→ **Try it**:
Among the records below, find the line that has "card (part True"; from there, give the lines again exactly, and stop after the line that has "b S \<longleftrightarrow>".
================================
lemma Inl_0_mem_part: "Inl 0 \<in> part True" and Inr_0_mem_part: "Inr 0 \<in> part False"
  using p_pos q_pos by (auto simp: part_True part_False)

lemma white_count_le: "white_count b S \<le> card (part b)"
  unfolding white_count_def by (rule card_mono) auto

lemma white_count_eq_0_iff: "white_count b S = 0 \<longleftrightarrow> part b \<subseteq> S"
  by (auto simp: white_count_def)

lemma white_count_less_iff: "white_count b S < card (part b) \<longleftrightarrow> part b \<inter> S \<noteq> {}"
proof -
  have "card (part b - S) < card (part b) \<longleftrightarrow> part b - S \<noteq> part b"
    using psubset_card_mono[of "part b" "part b - S"] by (auto simp: psubset_eq)
  then show ?thesis unfolding white_count_def by blast
qed

lemma white_count_antimono: "S \<subseteq> T \<Longrightarrow> white_count b T \<le> white_count b S"
  unfolding white_count_def by (rule card_mono) auto

lemma card_plus_white_counts:
  assumes "S \<subseteq> V"
  shows "card S + white_count True S + white_count False S = p + q"
proof -
  have split: "card (part b - S) + card (part b \<inter> S) = card (part b)" for b
    using card_Diff_subset_Int[of "part b" S] card_mono[of "part b" "part b \<inter> S"] by simp
  have "S = (part True \<inter> S) \<union> (part False \<inter> S)"
    using assms V_eq_parts by blast
  moreover have "(part True \<inter> S) \<inter> (part False \<inter> S) = {}"
    by (auto simp: mem_part_iff)
  ultimately have "card S = card (part True \<inter> S) + card (part False \<inter> S)"
    by (metis card_Un_disjoint finite_Int finite_part)
  with split[of True] split[of False] show ?thesis
    unfolding white_count_def by simp
qed

definition fills_part :: "bool \<Rightarrow> (nat + nat) set \<Rightarrow> bool" where
  "fills_part b S \<longleftrightarrow>
     white_count b S = 0 \<or> white_count b S = 1 \<and> white_count (\<not> b) S < card (part (\<not> b))"

lemma fills_part_mono:
  assumes "fills_part b S" "S \<subseteq> T"
  shows "fills_part b T"
  using assms white_count_antimono[OF assms(2), of b] white_count_antimono[OF assms(2), of "\<not> b"]
  unfolding fills_part_def by auto

lemma card_part_le_if_fills_part:
  assumes "S \<subseteq> V" "fills_part b S"
  shows "card (part b) \<le> card S"
  using assms card_plus_white_counts[OF assms(1)] white_count_le[of "\<not> b" S]
  unfolding fills_part_def by (cases b) auto

lemma white_conn_if_both_parts_white:
  assumes "part True - B \<noteq> {}" "part False - B \<noteq> {}" "x \<in> V - B" "y \<in> V - B"
  shows "white_conn V KE B x y"
proof (cases "isl x = isl y")
  case True
  obtain z where z: "z \<in> part (\<not> isl x) - B" using assms(1,2) by (cases "isl x") auto
  let ?R = "\<lambda>a b. a \<in> V - B \<and> b \<in> V - B \<and> KE a b"
  have "?R x z" "?R z y" using z True assms(3,4) by (auto simp: KE_def mem_part_iff)
  then show ?thesis
    unfolding white_conn_def by (rule converse_rtranclp_into_rtranclp[OF _ r_into_rtranclp])
next
  case False
  with assms(3,4) show ?thesis unfolding white_conn_def by (auto simp: KE_def)
qed

lemma psd_reach_if_part_blue:
  assumes "S \<subseteq> V" "part b \<subseteq> S"
  shows "psd_reach V KE S V"
proof (rule psd_reach_independent_whites[OF finite_V assms(1)])
  have whites: "\<forall>x\<in>V - S. isl x = (\<not> b)" using assms(2) by (auto simp: mem_part_iff)
  then show "\<forall>x\<in>V - S. \<forall>y\<in>V - S. \<not> KE x y"
    by (simp add: KE_def)
  obtain u where "u \<in> part b" using part_nonempty by blast
  with whites assms(2) show "\<forall>w\<in>V - S. \<exists>u\<in>S. KE u w"
    by (auto simp: KE_def mem_part_iff)
qed

lemma psd_reach_if_fills_part:
  assumes S: "S \<subseteq> V" and fills: "fills_part b S"
  shows "psd_reach V KE S V"
proof (cases "white_count b S = 0")
  case True
  then show ?thesis using psd_reach_if_part_blue S by (simp add: white_count_eq_0_iff)
next
  case False
  then have "white_count b S = 1" "part (\<not> b) \<inter> S \<noteq> {}"
    using fills white_count_less_iff unfolding fills_part_def by auto
  then obtain r u where r: "part b - S = {r}" and u: "u \<in> part (\<not> b)" "u \<in> S"
    unfolding white_count_def by (auto simp: card_1_singleton_iff)
  have r_white: "r \<in> part b - S" using r by blast
  have unique: "w' = r" if "w' \<in> V - S" "KE u w'" for w'
  proof -
    have "w' \<in> part b - S" using that u by (auto simp: KE_def mem_part_iff)
    with r show ?thesis by blast
  qed
  have "KE u r" using u r_white by (auto simp: KE_def mem_part_iff)
  with u r_white unique have "psd_force V KE S u r"
    unfolding psd_force_def by (auto simp: mem_part_iff)
  then have "psd_reach V KE S (insert r S)"
    by (rule psd_reach.step[OF psd_reach.base])
  moreover have "psd_reach V KE (insert r S) V"
    using r r_white S part_subset_V by (intro psd_reach_if_part_blue[of _ b]) auto
  ultimately show ?thesis by (rule psd_reach_trans[rotated])
qed

lemma not_psd_force:
  assumes "part True - B \<noteq> {}" "part False - B \<noteq> {}" "u \<in> part b"
    and "2 \<le> white_count (\<not> b) B"
  shows "\<not> psd_force V KE B u w"
proof
  assume force: "psd_force V KE B u w"
  then have w: "w \<in> part (\<not> b) - B"
    using assms(3) by (auto simp: psd_force_def KE_def mem_part_iff)
  have "\<not> (\<forall>x\<in>part (\<not> b) - B. \<forall>y\<in>part (\<not> b) - B. x = y)"
    using assms(4) card_le_Suc0_iff_eq[of "part (\<not> b) - B"]
    unfolding white_count_def by auto
  then obtain w' where w': "w' \<in> part (\<not> b) - B" "w' \<noteq> w"
    using w by blast
  have "KE u w'" using w' assms(3) by (auto simp: KE_def mem_part_iff)
  moreover have "white_conn V KE B w w'"
    using w w' assms(1,2) by (intro white_conn_if_both_parts_white) (auto simp: mem_part_iff)
  ultimately show False
    using force w' unfolding psd_force_def by (auto simp: mem_part_iff)
qed

theorem psd_forcing_set_iff:
  "psd_forcing_set V KE S \<longleftrightarrow> S \<subseteq> V \<and> (\<exists>b. fills_part b S)"
proof (intro iffI; (elim conjE exE)?)
  fix b assume "S \<subseteq> V" "fills_part b S"
  then show "psd_forcing_set V KE S"
    using psd_reach_if_fills_part by (simp add: psd_forcing_set_def)
next
  assume forcing: "psd_forcing_set V KE S"
  then have S: "S \<subseteq> V" by (simp add: psd_forcing_set_def)
  show "S \<subseteq> V \<and> (\<exists>b. fills_part b S)"
  proof (rule ccontr)
    assume "\<not> ?thesis"
    with S have no_fill: "\<not> fills_part b S" for b by blast
    have whites: "part b - S \<noteq> {}" for b
      using no_fill[of b] white_count_eq_0_iff[of b S] unfolding fills_part_def by auto
    then have "S \<noteq> V" using part_subset_V by blast
    then obtain u w where force: "psd_force V KE S u w"
      using forcing psd_reach_first_force unfolding psd_forcing_set_def by blast
    then have u: "u \<in> part (isl u)" "u \<in> S" by (auto simp: psd_force_def mem_part_iff)
    then have "white_count (isl u) S < card (part (isl u))"
      using white_count_less_iff by blast
    then have "2 \<le> white_count (\<not> isl u) S"
      using no_fill[of "\<not> isl u"] unfolding fills_part_def by auto
    then show False
      using not_psd_force[OF whites whites u(1)] force by blast
  qed
qed

lemma psd_forcing_set_part: "psd_forcing_set V KE (part b)"
  using part_subset_V white_count_eq_0_iff[of b "part b"]
  by (auto simp: psd_forcing_set_iff fills_part_def)

lemma card_part_cases: "card (part b) = p \<or> card (part b) = q"
  by (cases b) simp_all

theorem Zplus_eq: "Zplus V KE = min p q"
  unfolding Zplus_def
proof (rule Min_eqI)
  show "finite (card ` {S. psd_forcing_set V KE S})"
    by (simp add: finite_V finite_psd_forcing_sets)
next
  fix n assume "n \<in> card ` {S. psd_forcing_set V KE S}"
  then obtain S b where "n = card S" "S \<subseteq> V" "fills_part b S"
    by (auto simp: psd_forcing_set_iff)
  then have "card (part b) \<le> n" using card_part_le_if_fills_part by blast
  then show "min p q \<le> n" using card_part_cases[of b] by linarith
next
  have "card (part (p \<le> q)) = min p q" by (cases "p \<le> q") auto
  then show "min p q \<in> card ` {S. psd_forcing_set V KE S}"
    using psd_forcing_set_part by (metis rev_image_eqI mem_Collect_eq)
qed

lemma exchange_fills_part:
  assumes "r \<in> part b" "u \<in> part (\<not> b)"
  shows "fills_part b (insert u (part b - {r}))" "card (insert u (part b - {r})) = card (part b)"
proof -
  have "u \<notin> part b" using assms(2) by (auto simp: mem_part_iff)
  then have "part b - insert u (part b - {r}) = {r}" using assms(1) by auto
  then have "white_count b (insert u (part b - {r})) = 1" by (simp add: white_count_def)
  then show "fills_part b (insert u (part b - {r}))"
    using assms(2) white_count_less_iff by (auto simp: fills_part_def)
  have "card (insert u (part b - {r})) = Suc (card (part b - {r}))"
    using \<open>u \<notin> part b\<close> by (intro card_insert_disjoint) auto
  also have "\<dots> = card (part b)" using assms(1) by (intro card_Suc_Diff1) auto
  finally show "card (insert u (part b - {r})) = card (part b)" .
qed

lemma fills_part_small_subset:
  assumes S: "S \<subseteq> V" and fills: "fills_part b S"
  obtains T where "T \<subseteq> S" "fills_part b T" "card T \<le> card (part b)"
proof (cases "white_count b S = 0")
  case True
  then have "part b \<subseteq> S" by (simp add: white_count_eq_0_iff)
  moreover have "fills_part b (part b)" by (simp add: fills_part_def white_count_eq_0_iff)
  ultimately show ?thesis using that by blast
next
  case False
  then have "white_count b S = 1" "part (\<not> b) \<inter> S \<noteq> {}"
    using fills white_count_less_iff unfolding fills_part_def by auto
  then obtain r u where r: "part b - S = {r}" and u: "u \<in> part (\<not> b)" "u \<in> S"
    unfolding white_count_def by (auto simp: card_1_singleton_iff)
  then have "insert u (part b - {r}) \<subseteq> S" by blast
  moreover have "r \<in> part b" using r by blast
  ultimately show ?thesis
    using that exchange_fills_part[OF _ u(1)] by (metis order.refl)
qed

lemma card_le_max_if_minimal:
  assumes "minimal_psd_forcing_set V KE S"
  shows "card S \<le> max p q"
proof -
  obtain b where S: "S \<subseteq> V" "fills_part b S"
    using assms by (auto simp: minimal_psd_forcing_set_def psd_forcing_set_iff)
  then obtain T where T: "T \<subseteq> S" "fills_part b T" "card T \<le> card (part b)"
    by (rule fills_part_small_subset)
  then have "psd_forcing_set V KE T" using S by (auto simp: psd_forcing_set_iff)
  then have "T = S" using T(1) assms by (auto simp: minimal_psd_forcing_set_def)
  then show ?thesis using T(3) card_part_cases[of b] by auto
qed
================================
→ **Response to this task**:
  ultimately have "card S = card (part True \<inter> S) + card (part False \<inter> S)"
    by (metis card_Un_disjoint finite_Int finite_part)
  with split[of True] split[of False] show ?thesis
    unfolding white_count_def by simp
qed

definition fills_part :: "bool \<Rightarrow> (nat + nat) set \<Rightarrow> bool" where
  "fills_part b S \<longleftrightarrow>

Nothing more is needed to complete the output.